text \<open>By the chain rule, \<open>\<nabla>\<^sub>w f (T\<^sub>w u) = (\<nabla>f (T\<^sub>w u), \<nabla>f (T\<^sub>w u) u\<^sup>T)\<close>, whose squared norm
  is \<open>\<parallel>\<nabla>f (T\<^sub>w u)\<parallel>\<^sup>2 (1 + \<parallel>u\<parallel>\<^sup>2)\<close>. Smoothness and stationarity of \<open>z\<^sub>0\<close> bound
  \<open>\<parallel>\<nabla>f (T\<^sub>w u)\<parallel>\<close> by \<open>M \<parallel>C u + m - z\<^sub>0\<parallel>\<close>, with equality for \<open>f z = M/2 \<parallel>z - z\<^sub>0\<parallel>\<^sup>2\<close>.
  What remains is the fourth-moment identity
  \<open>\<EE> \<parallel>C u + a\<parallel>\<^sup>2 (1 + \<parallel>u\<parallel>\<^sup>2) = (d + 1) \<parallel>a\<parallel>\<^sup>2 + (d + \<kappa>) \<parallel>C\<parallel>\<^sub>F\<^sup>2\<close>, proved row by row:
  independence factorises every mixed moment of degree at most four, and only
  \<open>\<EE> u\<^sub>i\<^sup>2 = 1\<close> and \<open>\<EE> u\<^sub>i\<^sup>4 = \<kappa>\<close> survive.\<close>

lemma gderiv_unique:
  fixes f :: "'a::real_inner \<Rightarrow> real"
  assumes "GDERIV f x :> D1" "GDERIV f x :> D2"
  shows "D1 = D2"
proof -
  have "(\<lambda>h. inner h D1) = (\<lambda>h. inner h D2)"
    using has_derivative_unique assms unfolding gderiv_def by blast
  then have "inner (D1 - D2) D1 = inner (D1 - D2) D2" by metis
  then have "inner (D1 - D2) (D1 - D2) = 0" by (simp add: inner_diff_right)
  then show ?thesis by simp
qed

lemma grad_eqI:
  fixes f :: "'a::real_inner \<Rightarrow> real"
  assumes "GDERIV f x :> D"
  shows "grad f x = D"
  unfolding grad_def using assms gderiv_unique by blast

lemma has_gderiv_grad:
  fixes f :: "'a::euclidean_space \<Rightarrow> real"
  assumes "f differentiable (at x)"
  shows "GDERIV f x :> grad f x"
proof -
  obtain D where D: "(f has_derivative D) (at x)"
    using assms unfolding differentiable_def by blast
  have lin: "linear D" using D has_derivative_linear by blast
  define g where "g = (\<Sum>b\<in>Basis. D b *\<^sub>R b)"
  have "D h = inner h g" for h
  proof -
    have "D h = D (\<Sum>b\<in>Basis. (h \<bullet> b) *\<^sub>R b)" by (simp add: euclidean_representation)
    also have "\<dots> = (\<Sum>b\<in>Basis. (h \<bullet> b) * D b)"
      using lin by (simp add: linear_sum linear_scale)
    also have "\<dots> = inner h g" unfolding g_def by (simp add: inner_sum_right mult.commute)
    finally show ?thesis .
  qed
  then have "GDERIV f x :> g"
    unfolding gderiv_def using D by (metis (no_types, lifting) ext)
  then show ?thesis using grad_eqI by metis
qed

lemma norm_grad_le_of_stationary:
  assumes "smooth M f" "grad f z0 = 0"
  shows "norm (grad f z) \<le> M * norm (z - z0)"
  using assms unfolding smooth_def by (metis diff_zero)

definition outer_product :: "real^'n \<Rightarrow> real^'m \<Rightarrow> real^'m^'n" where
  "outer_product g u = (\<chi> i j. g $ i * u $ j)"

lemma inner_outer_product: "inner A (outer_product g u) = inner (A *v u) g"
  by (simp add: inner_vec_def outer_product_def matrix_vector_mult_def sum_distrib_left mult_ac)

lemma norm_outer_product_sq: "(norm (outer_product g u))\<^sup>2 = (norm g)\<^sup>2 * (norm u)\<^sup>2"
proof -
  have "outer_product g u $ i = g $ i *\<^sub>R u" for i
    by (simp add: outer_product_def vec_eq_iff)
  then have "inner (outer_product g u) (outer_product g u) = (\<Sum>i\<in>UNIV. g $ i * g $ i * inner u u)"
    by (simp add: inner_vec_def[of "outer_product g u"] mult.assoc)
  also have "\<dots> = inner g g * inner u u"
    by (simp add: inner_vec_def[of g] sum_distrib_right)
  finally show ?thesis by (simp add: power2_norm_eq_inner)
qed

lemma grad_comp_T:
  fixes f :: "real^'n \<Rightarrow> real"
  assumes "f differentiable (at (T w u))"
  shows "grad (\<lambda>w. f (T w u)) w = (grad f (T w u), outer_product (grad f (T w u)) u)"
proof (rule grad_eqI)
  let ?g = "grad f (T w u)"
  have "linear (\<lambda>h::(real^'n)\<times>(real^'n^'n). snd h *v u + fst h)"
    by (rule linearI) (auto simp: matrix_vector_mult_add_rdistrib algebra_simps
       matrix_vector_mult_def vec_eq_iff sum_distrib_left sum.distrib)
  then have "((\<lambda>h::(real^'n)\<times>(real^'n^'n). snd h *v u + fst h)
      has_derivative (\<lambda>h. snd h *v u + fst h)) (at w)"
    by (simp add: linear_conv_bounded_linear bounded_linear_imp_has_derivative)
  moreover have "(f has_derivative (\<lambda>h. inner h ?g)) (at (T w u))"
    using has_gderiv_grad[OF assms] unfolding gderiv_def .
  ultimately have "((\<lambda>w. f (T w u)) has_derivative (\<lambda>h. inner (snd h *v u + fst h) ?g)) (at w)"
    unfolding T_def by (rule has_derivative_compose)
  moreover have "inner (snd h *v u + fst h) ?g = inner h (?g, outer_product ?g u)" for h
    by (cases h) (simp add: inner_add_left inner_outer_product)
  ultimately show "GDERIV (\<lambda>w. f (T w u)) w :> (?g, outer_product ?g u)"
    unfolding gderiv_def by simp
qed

::::::::

* [What you will do]: Every line above from the line with "is \<open>\<parallel>\<nabla>f (T\<^sub>w" to the line with "independence factorises every" is wanted, ends included; write them out exactly and add no other line.

* [Exercise result]:
  is \<open>\<parallel>\<nabla>f (T\<^sub>w u)\<parallel>\<^sup>2 (1 + \<parallel>u\<parallel>\<^sup>2)\<close>. Smoothness and stationarity of \<open>z\<^sub>0\<close> bound
  \<open>\<parallel>\<nabla>f (T\<^sub>w u)\<parallel>\<close> by \<open>M \<parallel>C u + m - z\<^sub>0\<parallel>\<close>, with equality for \<open>f z = M/2 \<parallel>z - z\<^sub>0\<parallel>\<^sup>2\<close>.
  What remains is the fourth-moment identity
  \<open>\<EE> \<parallel>C u + a\<parallel>\<^sup>2 (1 + \<parallel>u\<parallel>\<^sup>2) = (d + 1) \<parallel>a\<parallel>\<^sup>2 + (d + \<kappa>) \<parallel>C\<parallel>\<^sub>F\<^sup>2\<close>, proved row by row:
  independence factorises every mixed moment of degree at most four, and only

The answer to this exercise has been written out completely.